**WORK REQUIRED**
Set down, exactly as written, every line from the top of the records below to the line containing "unfolding seq_plus_def using assms", both ends included, and no others.
═══ INPUT FOR THIS TASK
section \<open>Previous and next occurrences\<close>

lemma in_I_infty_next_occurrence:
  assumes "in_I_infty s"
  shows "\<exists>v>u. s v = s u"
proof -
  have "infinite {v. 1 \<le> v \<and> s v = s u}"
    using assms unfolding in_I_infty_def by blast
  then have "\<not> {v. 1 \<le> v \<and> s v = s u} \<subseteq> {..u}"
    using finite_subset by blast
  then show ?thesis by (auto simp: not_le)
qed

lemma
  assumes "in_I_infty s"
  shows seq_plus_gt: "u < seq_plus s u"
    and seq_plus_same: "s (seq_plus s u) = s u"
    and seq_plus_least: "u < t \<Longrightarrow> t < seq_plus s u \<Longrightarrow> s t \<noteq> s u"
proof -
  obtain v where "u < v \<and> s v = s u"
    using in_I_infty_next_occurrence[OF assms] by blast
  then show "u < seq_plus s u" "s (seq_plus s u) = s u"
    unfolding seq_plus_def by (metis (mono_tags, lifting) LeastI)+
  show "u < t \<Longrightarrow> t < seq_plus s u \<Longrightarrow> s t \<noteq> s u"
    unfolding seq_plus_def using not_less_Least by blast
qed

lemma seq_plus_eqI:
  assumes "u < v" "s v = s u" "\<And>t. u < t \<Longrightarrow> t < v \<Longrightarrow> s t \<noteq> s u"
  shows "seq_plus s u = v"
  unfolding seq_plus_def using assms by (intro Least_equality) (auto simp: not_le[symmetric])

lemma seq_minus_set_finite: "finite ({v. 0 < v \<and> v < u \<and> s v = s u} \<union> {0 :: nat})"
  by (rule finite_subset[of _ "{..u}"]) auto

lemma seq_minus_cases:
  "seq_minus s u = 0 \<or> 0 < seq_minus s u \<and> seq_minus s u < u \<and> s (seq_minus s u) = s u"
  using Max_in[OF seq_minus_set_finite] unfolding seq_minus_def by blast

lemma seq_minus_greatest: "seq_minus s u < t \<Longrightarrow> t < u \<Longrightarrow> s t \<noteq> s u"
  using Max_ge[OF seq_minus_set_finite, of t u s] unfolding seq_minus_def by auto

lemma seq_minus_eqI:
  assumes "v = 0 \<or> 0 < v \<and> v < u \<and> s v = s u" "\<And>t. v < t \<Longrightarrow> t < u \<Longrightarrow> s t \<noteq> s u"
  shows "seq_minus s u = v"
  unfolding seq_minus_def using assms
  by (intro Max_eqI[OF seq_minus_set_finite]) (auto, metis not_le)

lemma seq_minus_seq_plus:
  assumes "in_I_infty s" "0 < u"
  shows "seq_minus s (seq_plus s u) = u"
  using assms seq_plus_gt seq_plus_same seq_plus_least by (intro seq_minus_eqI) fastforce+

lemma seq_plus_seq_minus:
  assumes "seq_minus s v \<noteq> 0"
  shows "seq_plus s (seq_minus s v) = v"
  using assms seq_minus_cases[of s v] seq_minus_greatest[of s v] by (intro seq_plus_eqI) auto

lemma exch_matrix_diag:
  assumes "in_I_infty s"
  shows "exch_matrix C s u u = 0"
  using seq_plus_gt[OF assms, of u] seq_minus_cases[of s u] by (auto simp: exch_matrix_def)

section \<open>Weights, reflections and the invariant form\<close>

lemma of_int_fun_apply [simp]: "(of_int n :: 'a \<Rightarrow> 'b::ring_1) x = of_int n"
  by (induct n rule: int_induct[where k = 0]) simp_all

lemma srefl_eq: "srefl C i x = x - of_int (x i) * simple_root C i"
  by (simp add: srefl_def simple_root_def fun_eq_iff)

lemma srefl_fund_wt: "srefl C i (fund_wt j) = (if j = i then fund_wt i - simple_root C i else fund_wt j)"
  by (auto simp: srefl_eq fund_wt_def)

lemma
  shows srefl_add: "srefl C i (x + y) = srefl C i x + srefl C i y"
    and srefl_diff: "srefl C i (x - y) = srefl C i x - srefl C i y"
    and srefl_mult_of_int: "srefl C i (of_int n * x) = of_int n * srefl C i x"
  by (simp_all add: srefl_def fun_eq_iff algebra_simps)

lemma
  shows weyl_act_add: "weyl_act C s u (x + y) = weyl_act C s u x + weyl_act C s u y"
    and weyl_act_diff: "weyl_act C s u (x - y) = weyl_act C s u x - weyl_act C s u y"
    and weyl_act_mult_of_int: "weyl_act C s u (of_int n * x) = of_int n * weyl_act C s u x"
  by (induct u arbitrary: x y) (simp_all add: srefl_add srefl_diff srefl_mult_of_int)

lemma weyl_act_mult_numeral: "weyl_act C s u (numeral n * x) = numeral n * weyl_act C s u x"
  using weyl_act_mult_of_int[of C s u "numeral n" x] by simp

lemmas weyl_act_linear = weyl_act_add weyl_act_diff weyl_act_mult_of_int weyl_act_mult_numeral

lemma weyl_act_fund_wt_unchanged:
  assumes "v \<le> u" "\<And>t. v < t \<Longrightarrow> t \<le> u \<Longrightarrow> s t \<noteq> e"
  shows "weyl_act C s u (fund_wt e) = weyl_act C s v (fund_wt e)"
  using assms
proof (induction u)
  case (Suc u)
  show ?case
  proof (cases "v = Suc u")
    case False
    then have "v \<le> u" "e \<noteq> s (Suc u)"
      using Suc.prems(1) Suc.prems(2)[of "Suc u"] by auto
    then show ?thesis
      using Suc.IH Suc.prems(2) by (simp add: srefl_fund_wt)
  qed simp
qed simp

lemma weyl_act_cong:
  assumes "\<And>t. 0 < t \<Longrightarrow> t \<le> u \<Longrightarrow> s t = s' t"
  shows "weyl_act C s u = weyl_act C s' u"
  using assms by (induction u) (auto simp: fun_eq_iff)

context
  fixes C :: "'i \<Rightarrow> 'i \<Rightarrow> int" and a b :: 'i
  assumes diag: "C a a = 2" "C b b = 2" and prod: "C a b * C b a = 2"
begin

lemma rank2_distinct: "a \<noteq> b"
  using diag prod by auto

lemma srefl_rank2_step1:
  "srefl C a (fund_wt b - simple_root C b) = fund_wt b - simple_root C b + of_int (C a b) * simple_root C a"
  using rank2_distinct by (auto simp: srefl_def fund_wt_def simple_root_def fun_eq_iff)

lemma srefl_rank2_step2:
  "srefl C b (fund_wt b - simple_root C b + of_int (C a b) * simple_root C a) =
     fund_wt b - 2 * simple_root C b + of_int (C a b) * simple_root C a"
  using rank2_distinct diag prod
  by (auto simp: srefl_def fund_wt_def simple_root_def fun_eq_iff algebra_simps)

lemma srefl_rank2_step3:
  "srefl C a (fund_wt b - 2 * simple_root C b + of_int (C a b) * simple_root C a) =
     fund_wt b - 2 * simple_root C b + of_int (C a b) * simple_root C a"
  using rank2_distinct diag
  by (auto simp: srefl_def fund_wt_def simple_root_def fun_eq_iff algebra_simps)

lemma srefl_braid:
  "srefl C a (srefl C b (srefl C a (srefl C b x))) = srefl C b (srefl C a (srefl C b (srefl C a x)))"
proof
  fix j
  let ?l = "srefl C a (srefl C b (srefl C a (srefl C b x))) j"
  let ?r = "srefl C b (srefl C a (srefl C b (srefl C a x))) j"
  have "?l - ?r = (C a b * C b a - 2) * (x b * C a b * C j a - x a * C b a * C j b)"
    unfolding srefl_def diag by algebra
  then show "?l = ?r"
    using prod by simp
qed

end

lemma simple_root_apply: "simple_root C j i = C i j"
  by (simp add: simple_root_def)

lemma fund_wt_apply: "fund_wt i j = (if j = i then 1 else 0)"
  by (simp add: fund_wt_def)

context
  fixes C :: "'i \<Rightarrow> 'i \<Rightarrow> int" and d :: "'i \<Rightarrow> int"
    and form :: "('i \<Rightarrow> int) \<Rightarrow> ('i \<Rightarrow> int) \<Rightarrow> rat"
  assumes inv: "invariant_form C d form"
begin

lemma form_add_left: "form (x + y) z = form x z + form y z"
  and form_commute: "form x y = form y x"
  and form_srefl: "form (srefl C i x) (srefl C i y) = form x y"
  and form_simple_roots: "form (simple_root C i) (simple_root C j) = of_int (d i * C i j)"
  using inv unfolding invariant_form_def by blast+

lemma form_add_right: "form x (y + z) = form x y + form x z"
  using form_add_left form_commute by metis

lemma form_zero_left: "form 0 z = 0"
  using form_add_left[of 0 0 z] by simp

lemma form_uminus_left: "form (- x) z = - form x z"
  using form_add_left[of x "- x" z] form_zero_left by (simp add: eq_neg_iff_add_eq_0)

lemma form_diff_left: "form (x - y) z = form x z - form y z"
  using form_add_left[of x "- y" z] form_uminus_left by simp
══════
**RESULT FOR THIS EXERCISE**
section \<open>Previous and next occurrences\<close>

lemma in_I_infty_next_occurrence:
  assumes "in_I_infty s"
  shows "\<exists>v>u. s v = s u"
proof -
  have "infinite {v. 1 \<le> v \<and> s v = s u}"
    using assms unfolding in_I_infty_def by blast
  then have "\<not> {v. 1 \<le> v \<and> s v = s u} \<subseteq> {..u}"
    using finite_subset by blast
  then show ?thesis by (auto simp: not_le)
qed

lemma
  assumes "in_I_infty s"
  shows seq_plus_gt: "u < seq_plus s u"
    and seq_plus_same: "s (seq_plus s u) = s u"
    and seq_plus_least: "u < t \<Longrightarrow> t < seq_plus s u \<Longrightarrow> s t \<noteq> s u"
proof -
  obtain v where "u < v \<and> s v = s u"
    using in_I_infty_next_occurrence[OF assms] by blast
  then show "u < seq_plus s u" "s (seq_plus s u) = s u"
    unfolding seq_plus_def by (metis (mono_tags, lifting) LeastI)+
  show "u < t \<Longrightarrow> t < seq_plus s u \<Longrightarrow> s t \<noteq> s u"
    unfolding seq_plus_def using not_less_Least by blast
qed

lemma seq_plus_eqI:
  assumes "u < v" "s v = s u" "\<And>t. u < t \<Longrightarrow> t < v \<Longrightarrow> s t \<noteq> s u"
  shows "seq_plus s u = v"
  unfolding seq_plus_def using assms by (intro Least_equality) (auto simp: not_le[symmetric])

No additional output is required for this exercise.